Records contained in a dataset
-.-.-
lemma up_down_count:
  assumes S: "S \<in> std m"
  shows "int (card {i\<in>{..<n}. i \<noteq> b \<and> S i = 0 \<and> times_var S i \<in> std (Suc m)})
       - int (card {i\<in>{..<n}. i \<noteq> b \<and> 0 < S i})
     = int n - 1 - 2 * int m + (if S b = 0 then 0 else 1)"
proof -
  define Z where "Z = {i\<in>{..<n}. S i = 0}"
  define P where "P = {i\<in>{..<n}. 0 < S i}"
  have card_P: "card P = m" using card_support_std[OF S] P_def by simp
  have "card Z + card P = card (Z \<union> P)"
    by (rule card_Un_disjoint[symmetric]) (auto simp: Z_def P_def)
  also have "Z \<union> P = {..<n}" by (auto simp: Z_def P_def)
  finally have ZP: "card Z + card P = n" by simp
  have up: "{i\<in>{..<n}. i \<noteq> b \<and> S i = 0 \<and> times_var S i \<in> std (Suc m)}
     = {i\<in>{..<n}. i \<noteq> b \<and> S i = 0 \<and> \<not> (S a + var_exp i a = 1 \<and> S b + var_exp i b = 1)}"
    using times_var_std_iff[OF S] by auto
  have fin: "finite Z" "finite P" by (simp_all add: Z_def P_def)
  show ?thesis
  proof (cases "S b = 0")
    case True
    have "{i\<in>{..<n}. i \<noteq> b \<and> S i = 0 \<and> times_var S i \<in> std (Suc m)} = Z - {b}"
      unfolding up using True by (auto simp: Z_def var_exp_def)
    moreover have "{i\<in>{..<n}. i \<noteq> b \<and> 0 < S i} = P" using True by (auto simp: P_def)
    moreover have "b \<in> Z" using True b_lt by (simp add: Z_def)
    moreover from this have "0 < card Z" using fin by (auto simp: card_gt_0_iff)
    ultimately show ?thesis using card_P ZP True fin by (simp add: card_Diff_singleton)
  next
    case False
    then have Sb: "S b = 1" using std_pos_iff[OF S, of b] by simp
    then have Sa: "S a = 0" using S std_pos_iff[OF S, of a] by (auto simp: sqfree_avoid_def)
    have "{i\<in>{..<n}. i \<noteq> b \<and> S i = 0 \<and> times_var S i \<in> std (Suc m)} = Z - {a}"
      unfolding up using Sa Sb a_ne_b by (auto simp: Z_def var_exp_def)
    moreover have "{i\<in>{..<n}. i \<noteq> b \<and> 0 < S i} = P - {b}" by (auto simp: P_def)
    moreover have "a \<in> Z" "b \<in> P" using Sa Sb a_lt b_lt by (simp_all add: Z_def P_def)
    moreover from this have "0 < card Z" "0 < card P" using fin by (auto simp: card_gt_0_iff)
    ultimately show ?thesis using card_P ZP False fin by (simp add: card_Diff_singleton)
  qed
qed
-.-.-
• **PROBLEM**
Display each line of the data where "define" occurs.

• **RESPONSE AREA**
  define Z where "Z = {i\<in>{..<n}. S i = 0}"
  define P where "P = {i\<in>{..<n}. 0 < S i}"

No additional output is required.